> _Exercise description_: Please say how many lines of the entries below contain the word "lemma", and leave out everything else.

Entries shown Block Start

locale annealed_walk = prob_space M
  for M :: "'w measure" +
  fixes \<pi> :: "'s::finite pmf"
    and P0 :: "int ^ 'n \<Rightarrow> real"
    and c :: "int ^ 'n \<Rightarrow> 's \<Rightarrow> real"
    and R :: "(int ^ 'n) set"
    and x0 :: "int ^ 'n"
    and \<xi> :: "'w \<Rightarrow> nat \<Rightarrow> int ^ 'n \<Rightarrow> 's"
    and X :: "'w \<Rightarrow> nat \<Rightarrow> int ^ 'n"
  assumes R_fin: "finite R"
    and P0_supp: "\<And>u. u \<notin> R \<Longrightarrow> P0 u = 0"
    and c_supp: "\<And>u s. u \<notin> R \<Longrightarrow> c u s = 0"
    and P0_sum: "(\<Sum>u\<in>R. P0 u) = 1"
    and kernel_nonneg: "\<And>u s. 0 \<le> P0 u + c u s"
    and c_sum: "\<And>s. (\<Sum>u\<in>R. c u s) = 0"
    and \<xi>_meas[measurable]: "\<And>t x. (\<lambda>\<omega>. \<xi> \<omega> t x) \<in> measurable M (count_space UNIV)"
    and X_meas[measurable]: "\<And>t. (\<lambda>\<omega>. X \<omega> t) \<in> measurable M (count_space UNIV)"
    and annealed_law:
      "\<And>(F :: (nat \<times> (int ^ 'n)) set) (\<sigma> :: nat \<times> (int ^ 'n) \<Rightarrow> 's) (t :: nat) (xs :: nat \<Rightarrow> int ^ 'n).
        finite F \<Longrightarrow> (\<forall>r<t. (r, xs r) \<in> F) \<Longrightarrow>
        measure M {\<omega> \<in> space M. (\<forall>p\<in>F. \<xi> \<omega> (fst p) (snd p) = \<sigma> p) \<and> (\<forall>r\<le>t. X \<omega> r = xs r)}
        = (if xs 0 = x0 then 1 else 0) * (\<Prod>p\<in>F. pmf \<pi> (\<sigma> p))
          * (\<Prod>r<t. P0 (xs (Suc r) - xs r) + c (xs (Suc r) - xs r) (\<sigma> (r, xs r)))"
begin

abbreviation Pb :: "int ^ 'n \<Rightarrow> real" where
  "Pb \<equiv> Pbar \<pi> P0 c"
lemma connected_bip_cone:
  assumes T: "T \<subseteq> {1..n}"
  shows "connected_graph (bip (cone n E) T)"
proof (cases "T = {}")
  case True
  then show ?thesis by (simp add: connected_graph_def bip_def nbhd_def)
next
  case False
  let ?B = "bip (cone n E) T"
  have apex: "n + 1 \<in> nbhd (cone n E) T" using nbhd_cone[OF T False] by simp
  have T_apex: "adjacent ?B t (n + 1)" if "t \<in> T" for t
    using that T apex adjacent_cone_apex[of t n E] by (auto simp: adjacent_def bip_def)
  show ?thesis
  proof (rule connected_graphI_hub)
    fix x assume x: "x \<in> fst ?B"
    show "reach ?B x (n + 1)"
    proof (cases "x \<in> T")
      case True
      then show ?thesis using reach_step[OF reach_refl T_apex] by blast
    next
      case False
      with x obtain t where "t \<in> T" "{t, x} \<in> snd (cone n E)" "x \<in> nbhd (cone n E) T"
        by (auto simp: bip_def nbhd_def)
      then have "adjacent ?B x t" by (auto simp: adjacent_def bip_def insert_commute)
      then show ?thesis
        using reach_step[OF reach_step[OF reach_refl] T_apex] \<open>t \<in> T\<close> by blast
    qed
  qed
qed

lemma odd_outside_cone:
  assumes T: "T \<subseteq> {1..n}" "T \<noteq> {}" and odd: "odd_outside ({1..n}, E) T"
  shows "odd_outside (cone n E) T"
proof -
  let ?N = "nbhd ({1..n}, E) T"
  have "?N \<subseteq> {1..n}" by (auto simp: nbhd_def)
  then have R: "fst (cone n E) - (T \<union> nbhd (cone n E) T) = {1..n} - (T \<union> ?N)"
    by (auto simp: nbhd_cone[OF T] fst_cone)
  show ?thesis
    unfolding odd_outside_def R
  proof (intro impI ballI)
    assume "T \<union> nbhd (cone n E) T \<noteq> fst (cone n E)"
    then have "T \<union> ?N \<noteq> {1..n}"
      using R T(1) nbhd_subset[of "cone n E" T] fst_cone[of n E] by auto
    moreover fix K assume "K \<in> components (induced (cone n E) ({1..n} - (T \<union> ?N)))"
    moreover have "K \<subseteq> {1..n}" if "K \<in> components (induced ({1..n}, E) ({1..n} - (T \<union> ?N)))"
      using components_subset[OF that] by auto
    ultimately show "has_odd_cycle (induced (cone n E) K)"
      using odd by (auto simp: odd_outside_def induced_cone)
  qed
qed

lemma odd_outside_cone_empty:
  assumes "has_odd_cycle ({1..n}, E)"
  shows "odd_outside (cone n E) {}"
  unfolding odd_outside_def
proof (intro impI ballI)
  let ?H = "cone n E"
  fix K assume K: "K \<in> components (induced ?H (fst ?H - ({} \<union> nbhd ?H {})))"
  have "nbhd ?H {} = {}" by (simp add: nbhd_def)
  then have "K \<in> components (induced ?H (fst ?H))" using K by simp
  moreover have "connected_graph (induced ?H (fst ?H))"
    using connected_cone[of n E] by (simp add: connected_graph_def reach_induced_vertices)
  ultimately have "K = fst ?H" by (metis components_connected_graph fst_induced)
  have "has_odd_cycle (induced ({1..n}, E) {1..n})"
    using has_odd_cycle_induced_vertices[OF assms] by simp
  then show "has_odd_cycle (induced ?H K)"
    by (rule has_odd_cycle_mono) (auto simp: \<open>K = fst ?H\<close> fst_cone cone_def)
qed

Entries shown Block End

> _Output of the exercise_: 3